• _WHAT THE TASK ASKS_
Below are lines of data; restate word for word those running from the line containing "c (cube n))" to the line containing "unfolding L2_signed by", inclusive, and no others.

━━ AVAILABLE DATA ━━

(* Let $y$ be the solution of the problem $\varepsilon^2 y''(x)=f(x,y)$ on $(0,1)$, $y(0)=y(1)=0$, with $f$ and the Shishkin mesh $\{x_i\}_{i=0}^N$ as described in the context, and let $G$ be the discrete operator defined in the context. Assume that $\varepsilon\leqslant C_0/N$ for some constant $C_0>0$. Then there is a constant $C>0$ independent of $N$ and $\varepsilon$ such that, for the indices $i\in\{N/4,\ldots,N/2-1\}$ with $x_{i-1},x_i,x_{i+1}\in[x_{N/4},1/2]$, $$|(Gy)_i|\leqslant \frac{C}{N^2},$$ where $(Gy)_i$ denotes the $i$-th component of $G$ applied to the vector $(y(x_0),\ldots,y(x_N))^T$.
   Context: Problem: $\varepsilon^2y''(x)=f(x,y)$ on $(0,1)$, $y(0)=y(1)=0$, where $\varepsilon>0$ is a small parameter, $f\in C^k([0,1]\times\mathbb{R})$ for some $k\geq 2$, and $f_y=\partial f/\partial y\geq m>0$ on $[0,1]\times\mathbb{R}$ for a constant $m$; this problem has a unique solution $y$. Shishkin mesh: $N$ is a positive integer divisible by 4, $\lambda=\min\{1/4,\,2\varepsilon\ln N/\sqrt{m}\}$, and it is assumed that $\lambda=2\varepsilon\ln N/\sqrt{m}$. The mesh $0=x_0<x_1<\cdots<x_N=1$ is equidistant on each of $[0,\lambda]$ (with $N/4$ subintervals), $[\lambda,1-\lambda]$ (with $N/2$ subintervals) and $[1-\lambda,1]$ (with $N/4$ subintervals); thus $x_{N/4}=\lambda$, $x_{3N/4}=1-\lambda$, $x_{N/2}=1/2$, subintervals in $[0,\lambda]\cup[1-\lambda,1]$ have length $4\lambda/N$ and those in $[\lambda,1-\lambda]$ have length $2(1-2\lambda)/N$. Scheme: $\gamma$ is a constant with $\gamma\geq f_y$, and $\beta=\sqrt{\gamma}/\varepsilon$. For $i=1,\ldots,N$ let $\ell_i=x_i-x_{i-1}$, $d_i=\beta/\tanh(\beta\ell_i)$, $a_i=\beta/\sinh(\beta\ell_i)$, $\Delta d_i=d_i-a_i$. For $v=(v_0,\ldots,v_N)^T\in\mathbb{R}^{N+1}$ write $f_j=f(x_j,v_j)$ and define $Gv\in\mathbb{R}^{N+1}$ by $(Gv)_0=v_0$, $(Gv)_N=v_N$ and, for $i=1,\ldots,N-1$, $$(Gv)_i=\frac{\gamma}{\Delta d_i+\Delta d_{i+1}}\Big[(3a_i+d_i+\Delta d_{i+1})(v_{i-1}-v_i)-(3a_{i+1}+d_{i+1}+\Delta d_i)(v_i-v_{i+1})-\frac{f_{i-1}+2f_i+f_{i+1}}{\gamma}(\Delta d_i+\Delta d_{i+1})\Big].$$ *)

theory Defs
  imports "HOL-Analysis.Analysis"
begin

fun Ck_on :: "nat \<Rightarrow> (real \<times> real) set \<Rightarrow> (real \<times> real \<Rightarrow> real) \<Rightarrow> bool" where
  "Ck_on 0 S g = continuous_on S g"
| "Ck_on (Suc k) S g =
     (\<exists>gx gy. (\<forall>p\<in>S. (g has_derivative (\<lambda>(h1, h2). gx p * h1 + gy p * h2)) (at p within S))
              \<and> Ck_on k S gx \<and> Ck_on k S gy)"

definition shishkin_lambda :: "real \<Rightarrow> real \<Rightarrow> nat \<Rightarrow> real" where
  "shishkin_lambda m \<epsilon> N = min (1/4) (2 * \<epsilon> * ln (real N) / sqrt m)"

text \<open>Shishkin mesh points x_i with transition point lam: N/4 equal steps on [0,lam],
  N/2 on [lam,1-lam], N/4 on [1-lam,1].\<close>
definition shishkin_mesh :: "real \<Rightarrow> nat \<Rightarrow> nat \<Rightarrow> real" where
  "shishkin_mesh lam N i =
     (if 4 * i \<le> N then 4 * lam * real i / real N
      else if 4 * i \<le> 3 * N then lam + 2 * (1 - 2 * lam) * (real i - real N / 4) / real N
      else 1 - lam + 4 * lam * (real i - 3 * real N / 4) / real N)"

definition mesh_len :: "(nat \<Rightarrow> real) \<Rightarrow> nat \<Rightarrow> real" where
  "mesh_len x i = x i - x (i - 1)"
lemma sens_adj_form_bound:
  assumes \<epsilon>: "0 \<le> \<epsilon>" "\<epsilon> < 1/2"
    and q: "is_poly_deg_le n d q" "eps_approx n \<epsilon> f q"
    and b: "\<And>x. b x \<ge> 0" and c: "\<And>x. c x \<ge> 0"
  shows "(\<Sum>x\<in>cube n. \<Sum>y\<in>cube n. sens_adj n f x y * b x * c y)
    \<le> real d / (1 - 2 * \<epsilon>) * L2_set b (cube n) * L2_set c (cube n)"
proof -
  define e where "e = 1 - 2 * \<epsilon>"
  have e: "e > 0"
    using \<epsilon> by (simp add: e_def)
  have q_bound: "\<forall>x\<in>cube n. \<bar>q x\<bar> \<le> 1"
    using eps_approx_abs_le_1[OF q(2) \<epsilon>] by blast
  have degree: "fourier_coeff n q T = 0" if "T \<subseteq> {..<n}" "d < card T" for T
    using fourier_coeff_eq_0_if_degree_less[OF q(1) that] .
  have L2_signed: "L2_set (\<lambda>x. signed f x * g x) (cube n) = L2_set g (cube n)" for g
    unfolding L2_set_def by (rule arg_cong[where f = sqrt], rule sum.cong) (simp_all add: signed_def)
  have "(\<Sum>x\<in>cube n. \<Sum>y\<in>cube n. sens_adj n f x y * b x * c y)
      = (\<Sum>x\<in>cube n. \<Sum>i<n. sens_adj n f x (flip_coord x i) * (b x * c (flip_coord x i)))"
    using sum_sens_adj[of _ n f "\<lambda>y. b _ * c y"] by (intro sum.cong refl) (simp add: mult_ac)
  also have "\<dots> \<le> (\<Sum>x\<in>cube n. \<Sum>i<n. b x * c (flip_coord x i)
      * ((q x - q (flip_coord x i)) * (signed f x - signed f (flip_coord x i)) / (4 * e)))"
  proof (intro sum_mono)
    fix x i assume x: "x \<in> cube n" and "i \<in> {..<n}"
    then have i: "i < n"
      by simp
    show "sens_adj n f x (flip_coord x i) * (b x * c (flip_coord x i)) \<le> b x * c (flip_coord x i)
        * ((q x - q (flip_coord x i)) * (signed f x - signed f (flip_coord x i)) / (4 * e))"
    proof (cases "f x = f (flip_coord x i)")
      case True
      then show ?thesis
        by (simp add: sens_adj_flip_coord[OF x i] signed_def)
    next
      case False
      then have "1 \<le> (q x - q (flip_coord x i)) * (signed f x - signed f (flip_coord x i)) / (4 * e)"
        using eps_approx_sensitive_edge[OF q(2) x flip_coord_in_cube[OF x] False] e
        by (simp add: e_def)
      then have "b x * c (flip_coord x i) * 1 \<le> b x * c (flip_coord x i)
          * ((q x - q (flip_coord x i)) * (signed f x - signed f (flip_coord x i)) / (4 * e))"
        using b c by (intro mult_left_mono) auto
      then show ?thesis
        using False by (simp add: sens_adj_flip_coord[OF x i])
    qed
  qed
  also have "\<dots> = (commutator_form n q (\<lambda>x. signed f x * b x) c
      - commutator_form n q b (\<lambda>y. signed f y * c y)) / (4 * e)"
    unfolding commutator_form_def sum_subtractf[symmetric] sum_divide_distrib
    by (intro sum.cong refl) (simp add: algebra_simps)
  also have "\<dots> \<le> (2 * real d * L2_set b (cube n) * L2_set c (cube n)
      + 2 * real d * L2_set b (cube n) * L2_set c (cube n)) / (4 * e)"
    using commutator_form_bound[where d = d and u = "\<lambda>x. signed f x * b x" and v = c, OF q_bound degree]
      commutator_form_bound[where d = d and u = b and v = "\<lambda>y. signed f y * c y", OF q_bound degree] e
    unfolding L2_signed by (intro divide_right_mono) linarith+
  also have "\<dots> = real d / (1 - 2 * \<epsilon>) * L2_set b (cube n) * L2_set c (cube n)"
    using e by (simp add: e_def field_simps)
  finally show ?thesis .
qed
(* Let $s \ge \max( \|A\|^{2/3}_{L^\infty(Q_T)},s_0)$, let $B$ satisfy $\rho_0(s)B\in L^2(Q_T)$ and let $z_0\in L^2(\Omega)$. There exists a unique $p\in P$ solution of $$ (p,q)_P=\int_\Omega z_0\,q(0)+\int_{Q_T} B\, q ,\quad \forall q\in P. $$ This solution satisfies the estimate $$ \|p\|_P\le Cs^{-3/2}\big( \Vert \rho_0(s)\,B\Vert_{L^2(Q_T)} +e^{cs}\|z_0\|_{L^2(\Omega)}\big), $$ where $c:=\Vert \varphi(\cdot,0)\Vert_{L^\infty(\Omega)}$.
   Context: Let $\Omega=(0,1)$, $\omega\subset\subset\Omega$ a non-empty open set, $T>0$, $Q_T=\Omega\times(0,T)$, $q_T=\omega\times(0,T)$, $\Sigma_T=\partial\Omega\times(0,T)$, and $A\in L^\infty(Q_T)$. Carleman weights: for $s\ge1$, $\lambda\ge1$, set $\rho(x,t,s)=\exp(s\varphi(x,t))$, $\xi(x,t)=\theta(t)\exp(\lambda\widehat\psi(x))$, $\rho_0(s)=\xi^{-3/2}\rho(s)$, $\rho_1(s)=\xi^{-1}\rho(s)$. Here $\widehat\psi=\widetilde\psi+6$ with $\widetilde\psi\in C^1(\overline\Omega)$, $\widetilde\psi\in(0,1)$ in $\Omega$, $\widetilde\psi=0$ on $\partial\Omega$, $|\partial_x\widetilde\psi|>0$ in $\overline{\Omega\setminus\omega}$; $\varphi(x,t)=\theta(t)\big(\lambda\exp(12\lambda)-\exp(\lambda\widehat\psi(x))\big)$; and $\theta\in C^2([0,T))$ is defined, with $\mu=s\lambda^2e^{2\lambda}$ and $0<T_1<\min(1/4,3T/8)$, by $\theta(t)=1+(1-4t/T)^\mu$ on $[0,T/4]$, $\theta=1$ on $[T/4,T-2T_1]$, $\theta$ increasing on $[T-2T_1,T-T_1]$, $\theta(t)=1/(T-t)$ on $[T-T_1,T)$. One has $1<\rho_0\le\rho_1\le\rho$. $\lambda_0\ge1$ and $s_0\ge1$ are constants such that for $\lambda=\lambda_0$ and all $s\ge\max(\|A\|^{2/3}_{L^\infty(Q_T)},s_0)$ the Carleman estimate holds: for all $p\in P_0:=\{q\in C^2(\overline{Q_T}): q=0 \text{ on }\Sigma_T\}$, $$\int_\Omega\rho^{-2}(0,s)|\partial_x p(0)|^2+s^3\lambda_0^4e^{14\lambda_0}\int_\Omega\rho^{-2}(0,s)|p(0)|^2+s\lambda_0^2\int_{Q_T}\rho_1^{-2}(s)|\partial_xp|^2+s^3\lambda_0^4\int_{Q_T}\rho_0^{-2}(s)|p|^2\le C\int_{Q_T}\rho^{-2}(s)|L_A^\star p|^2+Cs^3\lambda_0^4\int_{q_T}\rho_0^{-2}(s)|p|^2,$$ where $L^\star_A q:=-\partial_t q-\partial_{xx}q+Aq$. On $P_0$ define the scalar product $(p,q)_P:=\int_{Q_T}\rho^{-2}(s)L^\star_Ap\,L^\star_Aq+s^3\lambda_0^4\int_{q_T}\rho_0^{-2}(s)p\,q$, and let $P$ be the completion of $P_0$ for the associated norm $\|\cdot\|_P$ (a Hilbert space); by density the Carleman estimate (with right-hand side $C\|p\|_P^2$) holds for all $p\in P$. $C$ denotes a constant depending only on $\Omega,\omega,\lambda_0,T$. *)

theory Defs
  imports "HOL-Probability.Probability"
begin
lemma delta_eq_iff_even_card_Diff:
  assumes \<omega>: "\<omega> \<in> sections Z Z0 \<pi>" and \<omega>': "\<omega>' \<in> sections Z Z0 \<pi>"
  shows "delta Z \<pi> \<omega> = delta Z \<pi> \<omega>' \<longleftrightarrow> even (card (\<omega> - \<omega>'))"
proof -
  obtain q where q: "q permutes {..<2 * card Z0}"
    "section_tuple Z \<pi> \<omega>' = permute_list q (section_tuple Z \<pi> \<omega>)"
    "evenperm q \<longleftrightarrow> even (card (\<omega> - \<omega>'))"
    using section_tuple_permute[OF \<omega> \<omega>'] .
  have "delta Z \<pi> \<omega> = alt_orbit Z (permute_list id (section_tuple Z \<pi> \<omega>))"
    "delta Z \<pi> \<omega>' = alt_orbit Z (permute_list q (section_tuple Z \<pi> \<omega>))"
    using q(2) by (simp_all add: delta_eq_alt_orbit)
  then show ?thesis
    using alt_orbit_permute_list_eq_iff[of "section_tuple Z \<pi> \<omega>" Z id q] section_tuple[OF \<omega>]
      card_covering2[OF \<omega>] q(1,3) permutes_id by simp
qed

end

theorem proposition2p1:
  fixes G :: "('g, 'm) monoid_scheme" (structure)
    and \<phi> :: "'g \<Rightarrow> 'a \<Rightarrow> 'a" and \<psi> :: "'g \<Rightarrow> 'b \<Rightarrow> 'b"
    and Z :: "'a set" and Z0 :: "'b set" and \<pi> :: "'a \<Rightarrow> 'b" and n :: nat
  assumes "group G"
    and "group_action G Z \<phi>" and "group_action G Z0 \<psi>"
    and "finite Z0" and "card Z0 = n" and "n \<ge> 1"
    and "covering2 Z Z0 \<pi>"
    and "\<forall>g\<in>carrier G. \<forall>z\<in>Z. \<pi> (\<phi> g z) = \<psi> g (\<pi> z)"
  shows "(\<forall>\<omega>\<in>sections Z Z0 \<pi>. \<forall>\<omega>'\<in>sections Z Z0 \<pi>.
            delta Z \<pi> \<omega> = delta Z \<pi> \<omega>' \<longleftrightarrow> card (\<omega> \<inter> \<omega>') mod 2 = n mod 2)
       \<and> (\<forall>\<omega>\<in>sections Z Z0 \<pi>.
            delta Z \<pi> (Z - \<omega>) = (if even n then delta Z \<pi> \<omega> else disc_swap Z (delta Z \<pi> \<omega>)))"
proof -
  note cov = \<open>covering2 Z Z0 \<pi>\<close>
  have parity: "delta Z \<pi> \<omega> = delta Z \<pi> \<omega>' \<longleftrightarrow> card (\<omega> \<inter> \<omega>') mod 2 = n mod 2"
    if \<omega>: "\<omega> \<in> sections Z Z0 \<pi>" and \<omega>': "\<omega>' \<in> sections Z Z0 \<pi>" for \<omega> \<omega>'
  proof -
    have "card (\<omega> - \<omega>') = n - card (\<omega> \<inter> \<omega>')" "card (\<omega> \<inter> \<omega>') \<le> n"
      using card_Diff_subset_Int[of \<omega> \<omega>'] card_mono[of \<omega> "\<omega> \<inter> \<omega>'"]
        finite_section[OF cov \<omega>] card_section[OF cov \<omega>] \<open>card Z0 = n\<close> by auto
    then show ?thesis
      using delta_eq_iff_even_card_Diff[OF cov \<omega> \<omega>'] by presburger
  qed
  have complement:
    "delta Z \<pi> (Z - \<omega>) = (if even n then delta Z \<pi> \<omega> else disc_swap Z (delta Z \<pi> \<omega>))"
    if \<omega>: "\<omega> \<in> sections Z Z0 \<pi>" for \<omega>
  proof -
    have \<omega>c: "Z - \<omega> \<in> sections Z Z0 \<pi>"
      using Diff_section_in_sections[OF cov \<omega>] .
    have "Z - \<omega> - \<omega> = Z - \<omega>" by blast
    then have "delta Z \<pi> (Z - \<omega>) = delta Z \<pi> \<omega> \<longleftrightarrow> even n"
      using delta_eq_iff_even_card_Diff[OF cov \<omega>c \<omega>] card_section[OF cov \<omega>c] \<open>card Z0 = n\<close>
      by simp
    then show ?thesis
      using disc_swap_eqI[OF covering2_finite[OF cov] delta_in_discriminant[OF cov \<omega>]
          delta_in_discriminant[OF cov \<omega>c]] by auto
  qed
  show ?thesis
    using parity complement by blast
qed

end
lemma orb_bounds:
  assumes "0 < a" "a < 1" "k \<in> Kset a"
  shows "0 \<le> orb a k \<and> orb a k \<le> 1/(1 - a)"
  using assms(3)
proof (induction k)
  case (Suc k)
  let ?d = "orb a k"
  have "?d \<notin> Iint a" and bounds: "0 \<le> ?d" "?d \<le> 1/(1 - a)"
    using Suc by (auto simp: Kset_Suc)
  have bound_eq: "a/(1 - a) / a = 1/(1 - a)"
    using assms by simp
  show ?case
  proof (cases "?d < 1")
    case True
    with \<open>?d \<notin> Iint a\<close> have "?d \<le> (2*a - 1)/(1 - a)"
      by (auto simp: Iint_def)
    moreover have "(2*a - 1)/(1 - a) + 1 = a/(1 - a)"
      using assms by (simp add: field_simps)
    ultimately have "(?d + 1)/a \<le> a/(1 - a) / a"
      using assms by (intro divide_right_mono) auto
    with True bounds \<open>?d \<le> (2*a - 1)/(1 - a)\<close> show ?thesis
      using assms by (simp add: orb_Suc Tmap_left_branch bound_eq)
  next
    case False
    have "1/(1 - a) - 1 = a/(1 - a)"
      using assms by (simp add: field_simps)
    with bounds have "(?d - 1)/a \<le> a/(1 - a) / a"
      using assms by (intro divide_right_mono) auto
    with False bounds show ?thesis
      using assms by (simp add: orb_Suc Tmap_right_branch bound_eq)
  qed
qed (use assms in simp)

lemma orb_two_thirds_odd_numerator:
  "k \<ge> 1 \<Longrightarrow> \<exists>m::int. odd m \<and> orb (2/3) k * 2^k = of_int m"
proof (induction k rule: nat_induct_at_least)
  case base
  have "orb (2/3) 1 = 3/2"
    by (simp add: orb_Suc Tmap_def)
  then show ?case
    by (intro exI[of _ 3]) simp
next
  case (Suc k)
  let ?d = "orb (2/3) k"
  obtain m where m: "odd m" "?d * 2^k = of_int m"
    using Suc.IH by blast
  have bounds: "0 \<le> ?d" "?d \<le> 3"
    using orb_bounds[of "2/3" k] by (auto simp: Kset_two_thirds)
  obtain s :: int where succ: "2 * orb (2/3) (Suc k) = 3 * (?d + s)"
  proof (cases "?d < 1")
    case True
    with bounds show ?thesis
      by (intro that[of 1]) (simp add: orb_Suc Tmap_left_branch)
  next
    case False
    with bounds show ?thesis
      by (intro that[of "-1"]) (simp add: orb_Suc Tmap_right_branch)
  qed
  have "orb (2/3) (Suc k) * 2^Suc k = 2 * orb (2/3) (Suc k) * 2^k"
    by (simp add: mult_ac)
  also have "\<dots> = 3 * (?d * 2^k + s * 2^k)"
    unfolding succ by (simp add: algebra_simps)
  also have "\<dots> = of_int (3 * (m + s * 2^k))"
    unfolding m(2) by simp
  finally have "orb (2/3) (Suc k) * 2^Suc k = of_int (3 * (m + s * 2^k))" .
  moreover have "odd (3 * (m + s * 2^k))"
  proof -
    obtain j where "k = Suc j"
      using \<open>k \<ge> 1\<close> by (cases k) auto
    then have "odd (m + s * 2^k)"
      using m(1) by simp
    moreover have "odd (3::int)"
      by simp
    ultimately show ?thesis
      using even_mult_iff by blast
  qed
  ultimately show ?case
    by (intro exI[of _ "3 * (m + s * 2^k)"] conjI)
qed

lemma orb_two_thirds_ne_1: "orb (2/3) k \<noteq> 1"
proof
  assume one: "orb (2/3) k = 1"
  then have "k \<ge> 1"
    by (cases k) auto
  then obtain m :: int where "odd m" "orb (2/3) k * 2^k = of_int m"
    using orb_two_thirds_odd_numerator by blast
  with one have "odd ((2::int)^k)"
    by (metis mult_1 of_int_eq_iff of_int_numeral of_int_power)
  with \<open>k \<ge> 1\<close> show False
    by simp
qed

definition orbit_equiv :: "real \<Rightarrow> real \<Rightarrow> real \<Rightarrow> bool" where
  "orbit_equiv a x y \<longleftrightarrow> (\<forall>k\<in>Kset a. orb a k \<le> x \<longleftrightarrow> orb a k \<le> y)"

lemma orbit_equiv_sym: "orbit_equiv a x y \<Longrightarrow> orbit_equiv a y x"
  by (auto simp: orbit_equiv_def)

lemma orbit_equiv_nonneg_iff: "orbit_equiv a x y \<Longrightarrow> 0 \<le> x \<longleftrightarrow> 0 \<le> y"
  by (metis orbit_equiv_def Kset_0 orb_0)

━━━

• _FINAL ANSWER_
      + 2 * real d * L2_set b (cube n) * L2_set c (cube n)) / (4 * e)"
    using commutator_form_bound[where d = d and u = "\<lambda>x. signed f x * b x" and v = c, OF q_bound degree]
      commutator_form_bound[where d = d and u = b and v = "\<lambda>y. signed f y * c y", OF q_bound degree] e
    unfolding L2_signed by (intro divide_right_mono) linarith+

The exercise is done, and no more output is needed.